====== EXERCISE DATA

definition twisted_module ::
  "('s \<Rightarrow> 's \<Rightarrow> 's) \<Rightarrow> ('a \<Rightarrow> 'a \<Rightarrow> 'a) \<Rightarrow> ('s \<Rightarrow> 'a) \<Rightarrow> ('s \<Rightarrow> 'a \<Rightarrow> 'a)
   \<Rightarrow> ('s \<Rightarrow> 's \<Rightarrow> 'a) \<Rightarrow> bool" where
  "twisted_module mS mA \<alpha> lam f \<longleftrightarrow>
     bij_betw \<alpha> (idem UNIV mS) (idem UNIV mA) \<and>
     (\<forall>e\<in>idem UNIV mS. \<forall>e'\<in>idem UNIV mS. \<alpha> (mS e e') = mA (\<alpha> e) (\<alpha> e')) \<and>
     (\<forall>s. rel_invertible mA (lam s)) \<and>
     (\<forall>s t. f s t \<in> grp_comp mA
        (\<alpha> (mS (mS (mS s t) (sinv UNIV mS t)) (sinv UNIV mS s)))) \<and>
     (\<forall>e\<in>idem UNIV mS. \<forall>a. lam e a = mA (\<alpha> e) a) \<and>
     (\<forall>s. \<forall>e\<in>idem UNIV mS. lam s (\<alpha> e) = \<alpha> (mS (mS s e) (sinv UNIV mS s))) \<and>
     (\<forall>s t a. lam s (lam t a) = mA (mA (f s t) (lam (mS s t) a)) (sinv UNIV mA (f s t))) \<and>
     (\<forall>s. \<forall>e\<in>idem UNIV mS.
        f (mS s e) e = \<alpha> (mS (mS s e) (sinv UNIV mS s)) \<and>
        f e (mS e s) = \<alpha> (mS (mS e s) (sinv UNIV mS s))) \<and>
     (\<forall>s t u. mA (lam s (f t u)) (f s (mS t u)) = mA (f s t) (f (mS s t) u))"

definition sieben :: "('s \<Rightarrow> 's \<Rightarrow> 's) \<Rightarrow> ('a \<Rightarrow> 'a \<Rightarrow> 'a) \<Rightarrow> ('s \<Rightarrow> 'a) \<Rightarrow> ('s \<Rightarrow> 'a \<Rightarrow> 'a)
   \<Rightarrow> ('s \<Rightarrow> 's \<Rightarrow> 'a) \<Rightarrow> bool" where
  "sieben mS mA \<alpha> lam f \<longleftrightarrow> twisted_module mS mA \<alpha> lam f \<and>
     (\<forall>s. \<forall>e\<in>idem UNIV mS.
        f s e = \<alpha> (mS (mS s e) (sinv UNIV mS s)) \<and>
        f e s = \<alpha> (mS (mS e s) (sinv UNIV mS s)))"

section \<open>Crossed product A *_Lambda S; the element a delta_s is the pair (a, s)\<close>

definition cp_carrier :: "('s \<Rightarrow> 's \<Rightarrow> 's) \<Rightarrow> ('a \<Rightarrow> 'a \<Rightarrow> 'a) \<Rightarrow> ('s \<Rightarrow> 'a) \<Rightarrow> ('a \<times> 's) set" where
  "cp_carrier mS mA \<alpha> = {(a, s). mA a (sinv UNIV mA a) = \<alpha> (mS s (sinv UNIV mS s))}"

definition cp_mult :: "('s \<Rightarrow> 's \<Rightarrow> 's) \<Rightarrow> ('a \<Rightarrow> 'a \<Rightarrow> 'a) \<Rightarrow> ('s \<Rightarrow> 'a \<Rightarrow> 'a)
   \<Rightarrow> ('s \<Rightarrow> 's \<Rightarrow> 'a) \<Rightarrow> 'a \<times> 's \<Rightarrow> 'a \<times> 's \<Rightarrow> 'a \<times> 's" where
  "cp_mult mS mA lam f x y =
     (mA (mA (fst x) (lam (snd x) (fst y))) (f (snd x) (snd y)), mS (snd x) (snd y))"

definition cp_i :: "('s \<Rightarrow> 's \<Rightarrow> 's) \<Rightarrow> ('a \<Rightarrow> 'a \<Rightarrow> 'a) \<Rightarrow> ('s \<Rightarrow> 'a) \<Rightarrow> 'a \<Rightarrow> 'a \<times> 's" where
  "cp_i mS mA \<alpha> a = (a, inv_into (idem UNIV mS) \<alpha> (mA a (sinv UNIV mA a)))"

definition cp_j :: "'a \<times> 's \<Rightarrow> 's" where
  "cp_j x = snd x"

definition is_transversal :: "('s \<Rightarrow> 's \<Rightarrow> 's) \<Rightarrow> ('a \<Rightarrow> 'a \<Rightarrow> 'a) \<Rightarrow> ('s \<Rightarrow> 'a)
   \<Rightarrow> ('s \<Rightarrow> 'a \<Rightarrow> 'a) \<Rightarrow> ('s \<Rightarrow> 's \<Rightarrow> 'a) \<Rightarrow> ('s \<Rightarrow> 'a \<times> 's) \<Rightarrow> bool" where
  "is_transversal mS mA \<alpha> lam f \<rho> \<longleftrightarrow>
     (\<forall>s. \<rho> s \<in> cp_carrier mS mA \<alpha>) \<and>
     (\<forall>s. cp_j (\<rho> s) = s) \<and>
     (\<forall>e\<in>idem UNIV mS. \<rho> e \<in> idem (cp_carrier mS mA \<alpha>) (cp_mult mS mA lam f))"

definition i_inv :: "('s \<Rightarrow> 's \<Rightarrow> 's) \<Rightarrow> ('a \<Rightarrow> 'a \<Rightarrow> 'a) \<Rightarrow> ('s \<Rightarrow> 'a) \<Rightarrow> 'a \<times> 's \<Rightarrow> 'a" where
  "i_inv mS mA \<alpha> x = (THE a. cp_i mS mA \<alpha> a = x)"

definition induced_alpha :: "('s \<Rightarrow> 's \<Rightarrow> 's) \<Rightarrow> ('a \<Rightarrow> 'a \<Rightarrow> 'a) \<Rightarrow> ('s \<Rightarrow> 'a)
   \<Rightarrow> ('s \<Rightarrow> 'a \<times> 's) \<Rightarrow> 's \<Rightarrow> 'a" where
  "induced_alpha mS mA \<alpha> \<rho> e = i_inv mS mA \<alpha> (\<rho> e)"

definition induced_lambda :: "('s \<Rightarrow> 's \<Rightarrow> 's) \<Rightarrow> ('a \<Rightarrow> 'a \<Rightarrow> 'a) \<Rightarrow> ('s \<Rightarrow> 'a)
   \<Rightarrow> ('s \<Rightarrow> 'a \<Rightarrow> 'a) \<Rightarrow> ('s \<Rightarrow> 's \<Rightarrow> 'a) \<Rightarrow> ('s \<Rightarrow> 'a \<times> 's) \<Rightarrow> 's \<Rightarrow> 'a \<Rightarrow> 'a" where
  "induced_lambda mS mA \<alpha> lam f \<rho> s a =
     i_inv mS mA \<alpha>
       (cp_mult mS mA lam f (cp_mult mS mA lam f (\<rho> s) (cp_i mS mA \<alpha> a))
          (sinv (cp_carrier mS mA \<alpha>) (cp_mult mS mA lam f) (\<rho> s)))"

definition induced_f :: "('s \<Rightarrow> 's \<Rightarrow> 's) \<Rightarrow> ('a \<Rightarrow> 'a \<Rightarrow> 'a) \<Rightarrow> ('s \<Rightarrow> 'a)
   \<Rightarrow> ('s \<Rightarrow> 'a \<Rightarrow> 'a) \<Rightarrow> ('s \<Rightarrow> 's \<Rightarrow> 'a) \<Rightarrow> ('s \<Rightarrow> 'a \<times> 's) \<Rightarrow> 's \<Rightarrow> 's \<Rightarrow> 'a" where
  "induced_f mS mA \<alpha> lam f \<rho> s t =
     (THE a. a \<in> grp_comp mA (induced_alpha mS mA \<alpha> \<rho>
                 (mS (mS (mS s t) (sinv UNIV mS t)) (sinv UNIV mS s))) \<and>
             cp_mult mS mA lam f (\<rho> s) (\<rho> t) =
               cp_mult mS mA lam f (cp_i mS mA \<alpha> a) (\<rho> (mS s t)))"

end

theory Submission
  imports Defs
begin

text \<open>
  In the crossed product, \<open>\<rho>(s) = \<alpha>(ss\<^sup>-\<^sup>1)\<delta>\<^sub>s\<close> has inverse
  \<open>f(s\<^sup>-\<^sup>1,s)\<^sup>-\<^sup>1\<delta>\<^bsub>s\<^sup>-\<^sup>1\<^esub>\<close>: Sieben's normalisation turns the cocycle identity for
  \<open>(s, s\<^sup>-\<^sup>1, s)\<close> into \<open>\<lambda>\<^sub>s(f(s\<^sup>-\<^sup>1,s)) = f(s,s\<^sup>-\<^sup>1)\<close>. The induced data are then read off
  from explicit products: \<open>\<rho>(e) = i(\<alpha>(e))\<close> gives \<open>\<alpha>\<^sub>\<rho> = \<alpha>\<close>;
  \<open>\<rho>(s)\<rho>(t) = f(s,t)\<delta>\<^bsub>st\<^esub> = i(f(s,t))\<rho>(st)\<close> gives \<open>f\<^sub>\<rho> = f\<close>; and for
  \<open>a \<in> A\<^bsub>\<alpha>(e)\<^esub>\<close> one gets \<open>\<rho>(s)i(a)\<rho>(s)\<^sup>-\<^sup>1 = \<lambda>\<^sub>s(a)\<delta>\<^bsub>ses\<^sup>-\<^sup>1\<^esub> = i(\<lambda>\<^sub>s(a))\<close>, using
  that \<open>\<lambda>\<^bsub>se\<^esub>\<close> and \<open>\<lambda>\<^sub>s\<close> agree after multiplication by \<open>\<alpha>(ses\<^sup>-\<^sup>1)\<close> and that
  \<open>f(se,s\<^sup>-\<^sup>1) = f(s,s\<^sup>-\<^sup>1)\<alpha>(ses\<^sup>-\<^sup>1)\<close>, both consequences of Sieben's conditions.
\<close>

locale inverse_semigroup =
  fixes m :: "'a \<Rightarrow> 'a \<Rightarrow> 'a" (infixl "\<cdot>" 70)
  assumes inv_sg: "inv_sg UNIV m"
begin

abbreviation iv :: "'a \<Rightarrow> 'a" where "iv x \<equiv> sinv UNIV m x"

lemma assoc: "(x \<cdot> y) \<cdot> z = x \<cdot> (y \<cdot> z)"
  using inv_sg unfolding inv_sg_def by blast

lemma ex1_inverse: "\<exists>!y. y \<in> UNIV \<and> (x \<cdot> y) \<cdot> x = x \<and> (y \<cdot> x) \<cdot> y = y"
  using inv_sg unfolding inv_sg_def by blast

lemma mult_inv_mult [simp]: "x \<cdot> (iv x \<cdot> x) = x"
  and inv_mult_inv [simp]: "iv x \<cdot> (x \<cdot> iv x) = iv x"
  using theI'[OF ex1_inverse[of x]] unfolding sinv_def by (simp_all add: assoc)

lemma mult_inv_mult_right [simp]: "x \<cdot> (iv x \<cdot> (x \<cdot> z)) = x \<cdot> z"
  and inv_mult_inv_right [simp]: "iv x \<cdot> (x \<cdot> (iv x \<cdot> z)) = iv x \<cdot> z"
  by (metis assoc mult_inv_mult, metis assoc inv_mult_inv)

lemma inverse_unique: "x \<cdot> (y \<cdot> x) = x \<Longrightarrow> y \<cdot> (x \<cdot> y) = y \<Longrightarrow> y = iv x"
  using ex1_inverse[of x] mult_inv_mult[of x] inv_mult_inv[of x] by (metis assoc UNIV_I)

lemma inv_inv [simp]: "iv (iv x) = x"
  by (metis inverse_unique mult_inv_mult inv_mult_inv)

lemma idempotent_inv: "e \<cdot> e = e \<Longrightarrow> iv e = e"
  by (metis inverse_unique assoc)

lemma idem_UNIV: "idem UNIV m = {e. e \<cdot> e = e}"
  unfolding idem_def by auto

lemma mult_inv_idempotent: "(x \<cdot> iv x) \<cdot> (x \<cdot> iv x) = x \<cdot> iv x"
  and inv_mult_idempotent: "(iv x \<cdot> x) \<cdot> (iv x \<cdot> x) = iv x \<cdot> x"
  by (simp_all add: assoc)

============

EXERCISE PROMPT:
When you reach the line in the material above that holds "(a, inv_into (idem", begin reproducing lines exactly, and stop after the line that holds "(sinv (cp_carrier mS".

RESPONSE BOX:
  "cp_i mS mA \<alpha> a = (a, inv_into (idem UNIV mS) \<alpha> (mA a (sinv UNIV mA a)))"

definition cp_j :: "'a \<times> 's \<Rightarrow> 's" where
  "cp_j x = snd x"

definition is_transversal :: "('s \<Rightarrow> 's \<Rightarrow> 's) \<Rightarrow> ('a \<Rightarrow> 'a \<Rightarrow> 'a) \<Rightarrow> ('s \<Rightarrow> 'a)
   \<Rightarrow> ('s \<Rightarrow> 'a \<Rightarrow> 'a) \<Rightarrow> ('s \<Rightarrow> 's \<Rightarrow> 'a) \<Rightarrow> ('s \<Rightarrow> 'a \<times> 's) \<Rightarrow> bool" where
  "is_transversal mS mA \<alpha> lam f \<rho> \<longleftrightarrow>
     (\<forall>s. \<rho> s \<in> cp_carrier mS mA \<alpha>) \<and>
     (\<forall>s. cp_j (\<rho> s) = s) \<and>
     (\<forall>e\<in>idem UNIV mS. \<rho> e \<in> idem (cp_carrier mS mA \<alpha>) (cp_mult mS mA lam f))"

definition i_inv :: "('s \<Rightarrow> 's \<Rightarrow> 's) \<Rightarrow> ('a \<Rightarrow> 'a \<Rightarrow> 'a) \<Rightarrow> ('s \<Rightarrow> 'a) \<Rightarrow> 'a \<times> 's \<Rightarrow> 'a" where
  "i_inv mS mA \<alpha> x = (THE a. cp_i mS mA \<alpha> a = x)"

definition induced_alpha :: "('s \<Rightarrow> 's \<Rightarrow> 's) \<Rightarrow> ('a \<Rightarrow> 'a \<Rightarrow> 'a) \<Rightarrow> ('s \<Rightarrow> 'a)
   \<Rightarrow> ('s \<Rightarrow> 'a \<times> 's) \<Rightarrow> 's \<Rightarrow> 'a" where
  "induced_alpha mS mA \<alpha> \<rho> e = i_inv mS mA \<alpha> (\<rho> e)"

definition induced_lambda :: "('s \<Rightarrow> 's \<Rightarrow> 's) \<Rightarrow> ('a \<Rightarrow> 'a \<Rightarrow> 'a) \<Rightarrow> ('s \<Rightarrow> 'a)
   \<Rightarrow> ('s \<Rightarrow> 'a \<Rightarrow> 'a) \<Rightarrow> ('s \<Rightarrow> 's \<Rightarrow> 'a) \<Rightarrow> ('s \<Rightarrow> 'a \<times> 's) \<Rightarrow> 's \<Rightarrow> 'a \<Rightarrow> 'a" where
  "induced_lambda mS mA \<alpha> lam f \<rho> s a =
     i_inv mS mA \<alpha>
       (cp_mult mS mA lam f (cp_mult mS mA lam f (\<rho> s) (cp_i mS mA \<alpha> a))
          (sinv (cp_carrier mS mA \<alpha>) (cp_mult mS mA lam f) (\<rho> s)))"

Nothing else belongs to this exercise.